From academic perspective, KM principles have been studied and implemented in every organizational discipline (Chourides et al., 2003) and related to many aspects, including strategy (Snyman & Kruger, 2004), human resources (e.g. Bierly & Daly, 2002), quality (e.g. Adamson, 2005), information technology (IT), and marketing (Tsai & Shih, 2004). This diversity has contributed to the rapid advance of the field (Argote et al., 2003), but also to a lack of integration of ideas (Scholl et al., 2004) and terminology (Clarke & Turner, 2004). In this situation, there are several challenges to establishing KM as a separate discipline (Nonaka & Peltokorpi, 2006). As a result, there is not a clear model about the factors that may enable or disable companies to adopt KM or about the variables which KM may have a significant impact on.

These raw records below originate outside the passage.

lemma b_tri_mass_le:
  assumes "2 * s < n" "q \<in> cell_indices n"
  shows "(real (n + 2))^2 * (\<integral>x. b_tri n (fst q) (snd q) s x \<partial>lebesgue_triangle) \<le> 12"
proof -
  obtain m where m: "m = real (n - s)" by simp
  have "real n + 1 \<le> 2 * m" using assms(1) m by linarith
  hence "(real n + 2) * (real n + 2) \<le> (2 * m + 2) * (2 * m + 4)"
    by (intro mult_mono) auto
  hence N: "(real (n + 2))^2 \<le> 4 * ((m + 1) * (m + 2))"
    by (simp add: power2_eq_square algebra_simps)
  have "(\<integral>x. b_tri n (fst q) (snd q) s x \<partial>lebesgue_triangle) \<le> 3 / ((m + 1) * (m + 2))"
    using integral_b_tri_le[of "fst q" "snd q" n s] assms(2) m by simp
  hence "(real (n + 2))^2 * (\<integral>x. b_tri n (fst q) (snd q) s x \<partial>lebesgue_triangle)
      \<le> (real (n + 2))^2 * (3 / ((m + 1) * (m + 2)))"
    by (intro mult_left_mono) auto
  also have "\<dots> = 3 * (real (n + 2))^2 / ((m + 1) * (m + 2))" by simp
  also have "\<dots> \<le> 12"
    using N m by (simp add: pos_divide_le_eq)
  finally show ?thesis .
qed

definition open_cell :: "nat \<Rightarrow> nat \<Rightarrow> nat \<Rightarrow> (real \<times> real) set" where
  "open_cell n k l = {real k / real (n + 2) <..< real (k + 1) / real (n + 2)} \<times>
                     {real l / real (n + 2) <..< real (l + 1) / real (n + 2)}"

lemma sets_sq_cell [measurable]: "sq_cell n k l \<in> sets borel"
  unfolding sq_cell_def by (intro borel_closed closed_Times) auto

lemma sets_open_cell [measurable]: "open_cell n k l \<in> sets borel"
  unfolding open_cell_def by (intro borel_open open_Times) auto

lemma open_cell_subset_sq_cell: "open_cell n k l \<subseteq> sq_cell n k l"
  unfolding sq_cell_def open_cell_def by auto
lemma risk_add_cmult:
  assumes "i < n" and g: "square_integrable \<rho> g"
  shows "risk (D i) (\<lambda>x. hth \<phi> t x + s * g x) = risk (D i) (hth \<phi> t)
    + s * (2 * (\<integral>z. residual i t z * g (fst z) \<partial>D i)) + s^2 * (\<integral>x. (g x)^2 \<partial>\<rho>)"
proof -
  have g_task: "square_integrable (D i) (\<lambda>z. s * g (fst z))"
    by (intro square_integrable_cmult square_integrable_task_fst[OF \<open>i < n\<close> g])
  have "risk (D i) (\<lambda>x. hth \<phi> t x + s * g x) = (\<integral>z. (residual i t z + s * g (fst z))^2 \<partial>D i)"
    by (simp add: risk_def residual_def algebra_simps)
  also have "\<dots> = risk (D i) (hth \<phi> t) + 2 * (\<integral>z. residual i t z * (s * g (fst z)) \<partial>D i)
      + (\<integral>z. (s * g (fst z))^2 \<partial>D i)"
    by (simp only: integral_square_add[OF square_integrable_residual[OF \<open>i < n\<close>] g_task]
        risk_hth_residual)
  also have "(\<integral>z. (s * g (fst z))^2 \<partial>D i) = s^2 * (\<integral>x. (g x)^2 \<partial>\<rho>)"
    using integral_task_fst[OF \<open>i < n\<close>, of "\<lambda>x. (g x)^2"] g
    by (simp add: power_mult_distrib square_integrable_def borel_measurable_integrable)
  finally show ?thesis by (simp add: mult.left_commute)
qed

lemma risk_hth_add:
  "i < n \<Longrightarrow> risk (D i) (hth \<phi> (t + s))
    = risk (D i) (hth \<phi> t) + risk_grad i t \<bullet> s + (\<integral>x. (hth \<phi> s x)^2 \<partial>\<rho>)"
  using risk_add_cmult[OF _ square_integrable_hth, of i t 1 s]
  by (simp add: risk_grad_inner hth_def inner_add_right)

lemma integral_hth_square_le:
  "(\<integral>x. (hth \<phi> s x)^2 \<partial>\<rho>) \<le> (\<integral>x. (norm (\<phi> x))^2 \<partial>\<rho>) * (norm s)^2"
proof -
  have "(norm (\<phi> x))^2 = (\<Sum>j\<in>UNIV. (\<phi> x $ j)^2)" for x
    by (simp add: norm_vec_def L2_set_def sum_nonneg)
  moreover have "integrable \<rho> (\<lambda>x. \<Sum>j\<in>UNIV. (\<phi> x $ j)^2)"
    using square_integrable_feature
    by (intro Bochner_Integration.integrable_sum) (auto simp: square_integrable_def)
  ultimately have "integrable \<rho> (\<lambda>x. (norm (\<phi> x))^2)"
    by simp
  moreover have "(hth \<phi> s x)^2 \<le> (norm (\<phi> x))^2 * (norm s)^2" for x
    using power_mono[OF Cauchy_Schwarz_ineq2[of "\<phi> x" s] abs_ge_zero, of 2]
    by (simp add: hth_def power_mult_distrib)
  ultimately have "(\<integral>x. (hth \<phi> s x)^2 \<partial>\<rho>) \<le> (\<integral>x. (norm (\<phi> x))^2 * (norm s)^2 \<partial>\<rho>)"
    using square_integrable_hth[of s] by (intro integral_mono) (auto simp: square_integrable_def)
  then show ?thesis by simp
qed

lemma has_derivative_risk_hth:
  "i < n \<Longrightarrow> ((\<lambda>t. risk (D i) (hth \<phi> t)) has_derivative (\<lambda>s. risk_grad i t \<bullet> s)) (at t)"
  using integral_hth_square_le
  by (intro has_derivative_quadratic_expansion[OF risk_hth_add]) auto

lemma risk_hth_diff_le:
  assumes "i < n"
  shows "risk (D i) (hth \<phi> t) - risk (D i) (hth \<phi> t') \<le> risk_grad i t \<bullet> (t - t')"
  using risk_hth_add[OF assms, of t "t' - t"] by (simp add: inner_diff_right)

definition second_moment :: "real^'d^'d" where
  "second_moment = (\<chi> j k. \<integral>x. \<phi> x $ j * \<phi> x $ k \<partial>\<rho>)"

definition cross_moment :: "nat \<Rightarrow> real^'d" where
  "cross_moment i = (\<chi> j. \<integral>z. snd z * \<phi> (fst z) $ j \<partial>D i)"

lemma risk_grad_eq:
  assumes "i < n"
  shows "risk_grad i t = 2 *\<^sub>R (second_moment *v t) - 2 *\<^sub>R cross_moment i"
proof -
  have feature_task: "square_integrable (D i) (\<lambda>z. \<phi> (fst z) $ j)" for j
    by (rule square_integrable_task_fst[OF assms square_integrable_feature])
  have "(\<integral>z. residual i t z * \<phi> (fst z) $ j \<partial>D i) = (second_moment *v t) $ j - cross_moment i $ j"
    for j
  proof -
    have "(\<integral>z. residual i t z * \<phi> (fst z) $ j \<partial>D i)
        = (\<integral>z. hth \<phi> t (fst z) * \<phi> (fst z) $ j \<partial>D i) - cross_moment i $ j"
      using square_integrable_imp_integrable_mult[OF
          square_integrable_task_fst[OF assms square_integrable_hth] feature_task]
        square_integrable_imp_integrable_mult[OF square_integrable_snd_task[OF assms] feature_task]
      by (simp add: residual_def left_diff_distrib cross_moment_def)
    also have "(\<integral>z. hth \<phi> t (fst z) * \<phi> (fst z) $ j \<partial>D i) = (\<integral>x. hth \<phi> t x * \<phi> x $ j \<partial>\<rho>)"
      using square_integrable_hth square_integrable_feature
      by (intro integral_task_fst[OF assms]) (auto simp: square_integrable_def intro!: borel_measurable_times)
    also have "\<dots> = (\<integral>x. (\<Sum>k\<in>UNIV. t $ k * (\<phi> x $ j * \<phi> x $ k)) \<partial>\<rho>)"
      by (simp add: hth_def inner_vec_def sum_distrib_left sum_distrib_right ac_simps)
    also have "\<dots> = (second_moment *v t) $ j"
      using square_integrable_imp_integrable_mult[OF square_integrable_feature square_integrable_feature]
      by (simp add: second_moment_def matrix_vector_mult_def ac_simps)
    finally show ?thesis .
  qed
  then show ?thesis
    by (simp add: risk_grad_def vec_eq_iff right_diff_distrib)
qed

text \<open>The matrix integrand is expanded in the basis so that Bochner integrability and the
  integral reduce to those of the scalar products \<open>\<phi>\<^sub>j \<phi>\<^sub>k\<close>.\<close>
lemma Keta_eq: "Keta \<rho> \<phi> \<eta> = mat 1 - (2 * \<eta>) *\<^sub>R second_moment"
proof -
  define P where "P x = (\<Sum>j\<in>UNIV. \<Sum>k\<in>UNIV. (\<phi> x $ j * \<phi> x $ k) *\<^sub>R axis j (axis k (1::real)))"
    for x
  have products: "integrable \<rho> (\<lambda>x. \<phi> x $ j * \<phi> x $ k)" for j k
    by (rule square_integrable_imp_integrable_mult[OF square_integrable_feature square_integrable_feature])
  have P_integrable: "integrable \<rho> P" unfolding P_def using products by auto
  have P_integral: "integral\<^sup>L \<rho> P = second_moment"
    unfolding P_def second_moment_def vec_lambda_eq_sum_axis[of "\<lambda>j k. \<integral>x. \<phi> x $ j * \<phi> x $ k \<partial>\<rho>"]
    using products by simp
  have "Keta \<rho> \<phi> \<eta> = (\<integral>x. mat 1 - (2 * \<eta>) *\<^sub>R P x \<partial>\<rho>)"
    by (simp add: Keta_def P_def vec_lambda_eq_sum_axis[symmetric])
  also have "\<dots> = (\<integral>x. mat 1 \<partial>\<rho>) - (\<integral>x. (2 * \<eta>) *\<^sub>R P x \<partial>\<rho>)"
    using P_integrable rho_prob prob_space.finite_measure finite_measure.integrable_const
    by (intro Bochner_Integration.integral_diff) auto
  finally show ?thesis
    using P_integral rho_prob by (simp add: prob_space.prob_space)
qed
(* Let $G$ be a pro-$p$ group such that all quotients $\gamma_i(G)/\gamma_{i+1}(G)$ of its lower central series are torsion-free, and let $\varphi$ be an automorphism of $G$ of finite order that acts trivially on the abelianization $G/[G,G]$. Then $\varphi$ is the identity.
   Context: For a pro-$p$ group $G$, $\gamma_1(G)=G$ and $\gamma_{i+1}(G)=\overline{[\gamma_i(G),G]}$ (closed subgroups) denote the terms of the lower central series; $[G,G]$ denotes the closed commutator subgroup. *)

theory Defs
  imports "HOL-Analysis.Analysis" "HOL-Algebra.Algebra"
begin

definition topological_group :: "('a, 'b) monoid_scheme \<Rightarrow> 'a topology \<Rightarrow> bool" where
  "topological_group G T \<longleftrightarrow> group G \<and> topspace T = carrier G \<and>
     continuous_map (prod_topology T T) T (\<lambda>(x, y). mult G x y) \<and>
     continuous_map T T (\<lambda>x. m_inv G x)"

definition totally_disconnected_space :: "'a topology \<Rightarrow> bool" where
  "totally_disconnected_space T \<longleftrightarrow> (\<forall>x y. connected_component_of T x y \<longrightarrow> x = y)"

definition profinite_group :: "('a, 'b) monoid_scheme \<Rightarrow> 'a topology \<Rightarrow> bool" where
  "profinite_group G T \<longleftrightarrow> topological_group G T \<and> compact_space T \<and> Hausdorff_space T \<and>
     totally_disconnected_space T"

text \<open>Pro-p group: profinite group in which every open normal subgroup has p-power index
  (equivalently, an inverse limit of finite p-groups).\<close>
definition pro_p_group :: "nat \<Rightarrow> ('a, 'b) monoid_scheme \<Rightarrow> 'a topology \<Rightarrow> bool" where
  "pro_p_group p G T \<longleftrightarrow> Factorial_Ring.prime p \<and> profinite_group G T \<and>
     (\<forall>N. N \<lhd> G \<and> openin T N \<longrightarrow> (\<exists>k. card (RCOSETS G N) = p ^ k))"

definition commutator :: "('a, 'b) monoid_scheme \<Rightarrow> 'a \<Rightarrow> 'a \<Rightarrow> 'a" where
  "commutator G x y = mult G (mult G (mult G (m_inv G x) (m_inv G y)) x) y"

definition closed_commutator :: "('a, 'b) monoid_scheme \<Rightarrow> 'a topology \<Rightarrow> 'a set \<Rightarrow> 'a set \<Rightarrow> 'a set" where
  "closed_commutator G T A B =
     T closure_of (generate G {commutator G a b | a b. a \<in> A \<and> b \<in> B})"

text \<open>Lower central series: gamma 1 = G, gamma (i+1) = closure of [gamma i, G].
  (gamma 0 is set to G as well, a harmless convention.)\<close>
fun lower_central :: "('a, 'b) monoid_scheme \<Rightarrow> 'a topology \<Rightarrow> nat \<Rightarrow> 'a set" where
  "lower_central G T 0 = carrier G"
| "lower_central G T (Suc 0) = carrier G"
| "lower_central G T (Suc (Suc i)) =
     closed_commutator G T (lower_central G T (Suc i)) (carrier G)"

definition torsion_free_group :: "('a, 'b) monoid_scheme \<Rightarrow> bool" where
  "torsion_free_group H \<longleftrightarrow>
     (\<forall>x \<in> carrier H. \<forall>n::nat. n > 0 \<and> pow H x n = one H \<longrightarrow> x = one H)"

end

theory Submission
  imports Defs
begin

text \<open>
  Write \<open>\<delta>(x) = x\<inverse>\<phi>(x)\<close>; by hypothesis \<open>\<delta>\<close> takes values in \<open>\<gamma>\<^sub>2\<close>. If \<open>\<delta>\<close> takes values in
  \<open>\<gamma>\<^sub>k\<close>, these values are central modulo \<open>\<gamma>\<^sub>k\<^sub>+\<^sub>1\<close>, so \<open>\<delta>\<close> becomes a homomorphism
  \<open>G \<rightarrow> G/\<gamma>\<^sub>k\<^sub>+\<^sub>1\<close> with abelian image. Being continuous, it then kills the closed
  subgroup \<open>\<gamma>\<^sub>2\<close>, in particular the values of \<open>\<delta>\<close>; hence \<open>\<delta> \<circ> \<phi> = \<delta>\<close> modulo \<open>\<gamma>\<^sub>k\<^sub>+\<^sub>1\<close>
  and \<open>\<phi>\<^sup>j(x) \<equiv> x \<delta>(x)\<^sup>j\<close>. Taking \<open>j\<close> the order of \<open>\<phi>\<close> shows that \<open>\<delta>(x)\<close> is torsion
  in \<open>\<gamma>\<^sub>k/\<gamma>\<^sub>k\<^sub>+\<^sub>1\<close>, so \<open>\<delta>(x) \<in> \<gamma>\<^sub>k\<^sub>+\<^sub>1\<close>. Thus \<open>\<delta>(x)\<close> lies in every \<open>\<gamma>\<^sub>k\<close>, and this
  intersection is trivial in a pro-\<open>p\<close> group: open normal subgroups separate points, and each
  open normal \<open>N\<close> contains some \<open>\<gamma>\<^sub>m\<close> because \<open>G/N\<close> is a finite \<open>p\<close>-group, hence nilpotent.
\<close>

section \<open>Commutators\<close>

definition commutator_set :: "('a, 'b) monoid_scheme \<Rightarrow> 'a set \<Rightarrow> 'a set \<Rightarrow> 'a set" where
  "commutator_set G A B = {commutator G a b | a b. a \<in> A \<and> b \<in> B}"

definition central_mod :: "('a, 'b) monoid_scheme \<Rightarrow> 'a set \<Rightarrow> 'a set" where
  "central_mod G K = {z \<in> carrier G. \<forall>g \<in> carrier G. commutator G z g \<in> K}"

lemma closed_commutator_eq:
  "closed_commutator G T A B = T closure_of generate G (commutator_set G A B)"
  by (simp add: closed_commutator_def commutator_set_def)

context group
begin

lemma mult_inv_cancel_left [simp]: "x \<in> carrier G \<Longrightarrow> y \<in> carrier G \<Longrightarrow> x \<otimes> (inv x \<otimes> y) = y"
  by (simp add: m_assoc[symmetric])

lemma inv_mult_cancel_left [simp]: "x \<in> carrier G \<Longrightarrow> y \<in> carrier G \<Longrightarrow> inv x \<otimes> (x \<otimes> y) = y"
  by (simp add: m_assoc[symmetric])

lemma commutator_closed [simp]:
  "a \<in> carrier G \<Longrightarrow> b \<in> carrier G \<Longrightarrow> commutator G a b \<in> carrier G"
  by (simp add: commutator_def)

lemma commutator_eq_one_iff:
  assumes "a \<in> carrier G" "b \<in> carrier G"
  shows "commutator G a b = \<one> \<longleftrightarrow> a \<otimes> b = b \<otimes> a"
proof -
  have "commutator G a b = inv (b \<otimes> a) \<otimes> (a \<otimes> b)"
    using assms by (simp add: commutator_def m_assoc inv_mult_group)
  then show ?thesis
    using assms by (metis inv_closed inv_solve_left l_inv m_closed r_one)
qed

lemma conj_commutator:
  assumes "a \<in> carrier G" "b \<in> carrier G" "g \<in> carrier G"
  shows "g \<otimes> commutator G a b \<otimes> inv g = commutator G (g \<otimes> a \<otimes> inv g) (g \<otimes> b \<otimes> inv g)"
  using assms by (simp add: commutator_def m_assoc inv_mult_group)

lemma commutator_set_subset_normal:
  assumes "K \<lhd> G"
  shows "commutator_set G K (carrier G) \<subseteq> K"
proof
  interpret K: normal K G by fact
  fix c assume "c \<in> commutator_set G K (carrier G)"
  then obtain a b where ab: "c = commutator G a b" "a \<in> K" "b \<in> carrier G"
    by (auto simp: commutator_set_def)
  then have "inv a \<otimes> (inv b \<otimes> a \<otimes> b) \<in> K"
    using K.inv_op_closed1 by (simp add: K.m_closed K.m_inv_closed)
  then show "c \<in> K"
    using ab K.subset by (simp add: commutator_def m_assoc subsetD)
qed

lemma commutator_set_conj_closed:
  assumes "K \<lhd> G" "c \<in> commutator_set G K (carrier G)" "g \<in> carrier G"
  shows "g \<otimes> c \<otimes> inv g \<in> commutator_set G K (carrier G)"
proof -
  interpret K: normal K G by fact
  obtain a b where ab: "c = commutator G a b" "a \<in> K" "b \<in> carrier G"
    using assms(2) by (auto simp: commutator_set_def)
  then have "g \<otimes> c \<otimes> inv g = commutator G (g \<otimes> a \<otimes> inv g) (g \<otimes> b \<otimes> inv g)"
    using conj_commutator assms(3) K.subset by blast
  moreover have "g \<otimes> a \<otimes> inv g \<in> K"
    using K.inv_op_closed2 assms(3) ab(2) by blast
  ultimately show ?thesis
    using assms(3) ab(3) by (auto simp: commutator_set_def)
qed

lemma normal_generate_commutator_set:
  assumes "K \<lhd> G" "S \<subseteq> carrier G"
    and "\<And>s g. s \<in> S \<Longrightarrow> g \<in> carrier G \<Longrightarrow> g \<otimes> s \<otimes> inv g \<in> S"
  shows "generate G (commutator_set G K (carrier G) \<union> S) \<lhd> G"
proof (rule normal_generateI)
  show "commutator_set G K (carrier G) \<union> S \<subseteq> carrier G"
    using assms(2) normal_imp_subgroup[OF assms(1)] subgroup.subset
    by (fastforce simp: commutator_set_def)
qed (use assms commutator_set_conj_closed in blast)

From practice perspective, firms are noticing the importance of managing knowledge if they want to remain competitive (Zack, 1999) and to achieve performance improvement (King et al., 2008). Thus, many companies everywhere are beginning to actively manage their knowledge and intellectual capital (DeTienne et al., 2004): most large companies in the USA, and many in Europe, have some sort of KM initiative in place (Davenport & Völpel, 2001). Nevertheless, many KM systems have been unsuccessful (Tsui, 2005; Schultze & Boland, 2000), with Storey & Barnett (2000) reporting failure rates of over 80%, due to diverse reasons, such as an overfocus on IT, inappropriate organizational culture and KM strategies, or ignorance of KM consequences.